Charlie Deist: If you’re anything like me, I know what you’re thinking here. The way our school system works you don’t need to have a desensitized endocannabinoid system to think that certain classes are just freaking boring. It’s worth acknowledging that many of us suffer from a chronic deficiency of novelty and wonder because of the way that our modern institutions, our modern way of life is set up.

Sadly, this doesn’t take away the fly in the ointment that if you’re going to try to medicate away your boredom with weed, you’ll end up even more bored long-term. If you’re the type who’s constantly seeking out novel experience, you may rate high on what psychologists call extravagance. It’s defined by a strong appetite for the reward provided by novelty closely related to impulsivity, and it’s undoubtedly correlated with the kind of person who repeats the action of getting high to the point that the effects eventually start to wear off. This is the dilemma of the marijuana addict. Chase the rewards and they get smaller and smaller

Timmen Cermak: If you get to the point where stopping is going to give you a period of time of feeling worse than continuing, then you have drug problem.

One of the reasons why you get into that situation is a very small part of our brain, which we call the reward center, is physically altered. Xanax, alcohol, cocaine, and cannabis, all of those cause an excessive release of dopamine in the reward center that actually changes some of the architecture of the reward center.

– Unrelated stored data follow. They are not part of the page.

lemma p_eq_iff: "i \<le> k \<Longrightarrow> j \<le> k \<Longrightarrow> p i = p j \<longleftrightarrow> i = j"
  using p_inj by (auto dest: inj_onD)

lemma finite_T: "finite (fst T)"
  using tree by (simp add: is_tree_def)

lemma edge_T_D: "{x, y} \<in> snd T \<Longrightarrow> x \<in> fst T \<and> y \<in> fst T \<and> x \<noteq> y"
  using tree unfolding is_tree_def wf_graph_def by (metis doubleton_eq_iff)

lemma path_in_T: "i \<le> k \<Longrightarrow> p i \<in> fst T"
  using p_in by blast

lemma path_edge_in_T: "i < k \<Longrightarrow> {p i, p (Suc i)} \<in> snd T"
  using p_edge by blast

lemma path_edge_in_PE: "i < k \<Longrightarrow> {p i, p (Suc i)} \<in> PE"
  by (auto simp: path_edges_def)

lemma PE_at_path_vertex:
  assumes "i \<le> k" "{p i, y} \<in> PE"
  shows "(0 < i \<and> y = p (i - 1)) \<or> (i < k \<and> y = p (Suc i))"
proof -
  obtain j where j: "j < k" "{p i, y} = {p j, p (Suc j)}"
    using assms(2) by (auto simp: path_edges_def)
  then consider "p i = p j" "y = p (Suc j)" | "p i = p (Suc j)" "y = p j"
    by (auto simp: doubleton_eq_iff)
  then show ?thesis
    by cases (use j assms(1) p_eq_iff[of i j] p_eq_iff[of i "Suc j"] in auto)
qed

lemma nbrs_T_inner:
  assumes "0 < i" "i < k"
  shows "nbrs T (p i) = {p (i - 1), p (Suc i)}"
proof (rule card_seteq[symmetric])
  show "finite (nbrs T (p i))" using finite_nbrs[OF finite_T] .
  have "{p (i - 1), p i} \<in> snd T" "{p i, p (Suc i)} \<in> snd T"
    using path_edge_in_T[of "i - 1"] path_edge_in_T[of i] assms by simp_all
  then show "{p (i - 1), p (Suc i)} \<subseteq> nbrs T (p i)"
    using path_in_T[of "i - 1"] path_in_T[of "Suc i"] assms by (auto simp: nbrs_def insert_commute)
  have "card {p (i - 1), p (Suc i)} = 2" using p_eq_iff[of "i - 1" "Suc i"] assms by auto
  then show "card (nbrs T (p i)) \<le> card {p (i - 1), p (Suc i)}" using p_deg assms by simp
qed

lemma edge_at_inner_in_PE:
  assumes "0 < i" "i < k" "{p i, w} \<in> snd T"
  shows "{p i, w} \<in> PE"
proof -
  have "w \<in> nbrs T (p i)" using assms(3) edge_T_D by (auto simp: nbrs_def)
  then consider "w = p (i - 1)" | "w = p (Suc i)" using nbrs_T_inner[OF assms(1,2)] by blast
  then show ?thesis
  proof cases
    case 1
    then show ?thesis using path_edge_in_PE[of "i - 1"] assms(1,2) by (simp add: insert_commute)
  next
    case 2
    then show ?thesis using path_edge_in_PE[of i] assms(2) by simp
  qed
qed

lemma mem_B_iff: "v \<in> B \<longleftrightarrow> (\<exists>ws. is_walk H ws \<and> hd ws = p k \<and> last ws = v)"
  by (simp add: comp_B_def reachable_def)

lemma B_subset: "B \<subseteq> fst T"
  by (auto simp: mem_B_iff) (metis fst_conv last_in_set subsetD is_walk_nonempty is_walk_set)

lemma end_in_B: "p k \<in> B"
  using path_in_T[of k] by (auto simp: mem_B_iff intro!: exI[of _ "[p k]"])

lemma B_step:
  assumes "x \<in> B" "{x, y} \<in> snd T" "{x, y} \<notin> PE"
  shows "y \<in> B"
proof -
  obtain ws where ws: "is_walk H ws" "hd ws = p k" "last ws = x"
    using assms(1) by (auto simp: mem_B_iff)
  then obtain as where as: "ws = as @ [x]"
    using is_walk_nonempty by (metis append_butlast_last_id)
  have "is_walk H [x, y]" using assms(2,3) edge_T_D by auto
  with ws(1) as have "is_walk H (as @ x # [y])" using is_walk_append_Cons[of H as x "[y]"] by blast
  moreover have "hd (as @ x # [y]) = p k" using ws(2) as by (cases as) auto
  ultimately show ?thesis by (auto simp: mem_B_iff)
qed

lemma B_pred:
  assumes "v \<in> B" "v \<noteq> p k"
  obtains w where "w \<in> B" "{w, v} \<in> snd T"
proof -
  obtain ws where ws: "is_walk H ws" "hd ws = p k" "last ws = v"
    using assms(1) by (auto simp: mem_B_iff)
  have "2 \<le> length ws" using is_walk_length_ge_2[OF ws(1)] ws(2,3) assms(2) by simp
  then obtain as w where as: "ws = as @ w # [v]"
    using ws(3) by (cases ws rule: rev_cases; cases "butlast ws" rule: rev_cases) auto
  then have "is_walk H (as @ [w])" "is_walk H [w, v]"
    using ws(1) is_walk_append_Cons[of H as w "[v]"] by blast+
  moreover have "hd (as @ [w]) = p k" using ws(2) as by (cases as) auto
  ultimately have "w \<in> B" unfolding mem_B_iff by (intro exI[of _ "as @ [w]"]) simp
  with \<open>is_walk H [w, v]\<close> show ?thesis using that by auto
qed

lemma inner_not_on_long_H_walk:
  assumes "is_walk H ws" "2 \<le> length ws" "0 < i" "i < k"
  shows "p i \<notin> set ws"
proof
  assume "p i \<in> set ws"
  then obtain w where "{p i, w} \<in> snd T - PE" using is_walk_incident[OF assms(1,2)] by auto
  then show False using edge_at_inner_in_PE[OF assms(3,4)] by blast
qed

lemma inner_not_in_B:
  assumes "0 < i" "i < k"
  shows "p i \<notin> B"
proof
  assume "p i \<in> B"
  then obtain ws where ws: "is_walk H ws" "hd ws = p k" "last ws = p i"
    by (auto simp: mem_B_iff)
  have "p i \<noteq> p k" using p_eq_iff[of i k] assms by simp
  then have "2 \<le> length ws" using is_walk_length_ge_2[OF ws(1)] ws(2,3) by simp
  moreover have "p i \<in> set ws" using ws(3) is_walk_nonempty[OF ws(1)] last_in_set by metis
  ultimately show False using inner_not_on_long_H_walk[OF ws(1) _ assms] by blast
qed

When I say excessive release of dopamine, what I mean is that there aren’t any natural activities that would release that level of dopamine — you know, a good meal, good sex — they all release some dopamine, but not as much as the drugs themselves are capable of doing. And when you begin changing the architecture of that reward center, you are priming it — maybe for the rest of your life to be leading to compulsive use of whatever reactivates it again.

Short term vs. Long-term Effects

[00:15:43]

Charlie Deist: By October of 2015, not only was the shift from summer to fall starting to get me down, but based on my little notebooks, I seem to be getting more analytical about the downsides of my smoking habit.

Halfway through one of the notebooks, there’s another diagram with arrows pointing in opposite directions, downward arrows are labeled short term while the opposing upward arrows say long-term. The short-term effects of moderate cannabis usage, I imply with my notes, put me in this “safe zone”, where the intensity of my psychic focus was actually increased.

This is what I call the recall and remind phase of the biphasic dose response function. Memories and perception are loosened from the grip of mundane, everyday reality, and they’re seen with a different perspective. We might remember a pivotal traumatic moment from our childhood, and we’re able to kind of hold it at an arm’s length and forgive someone for something they did or said so many years ago.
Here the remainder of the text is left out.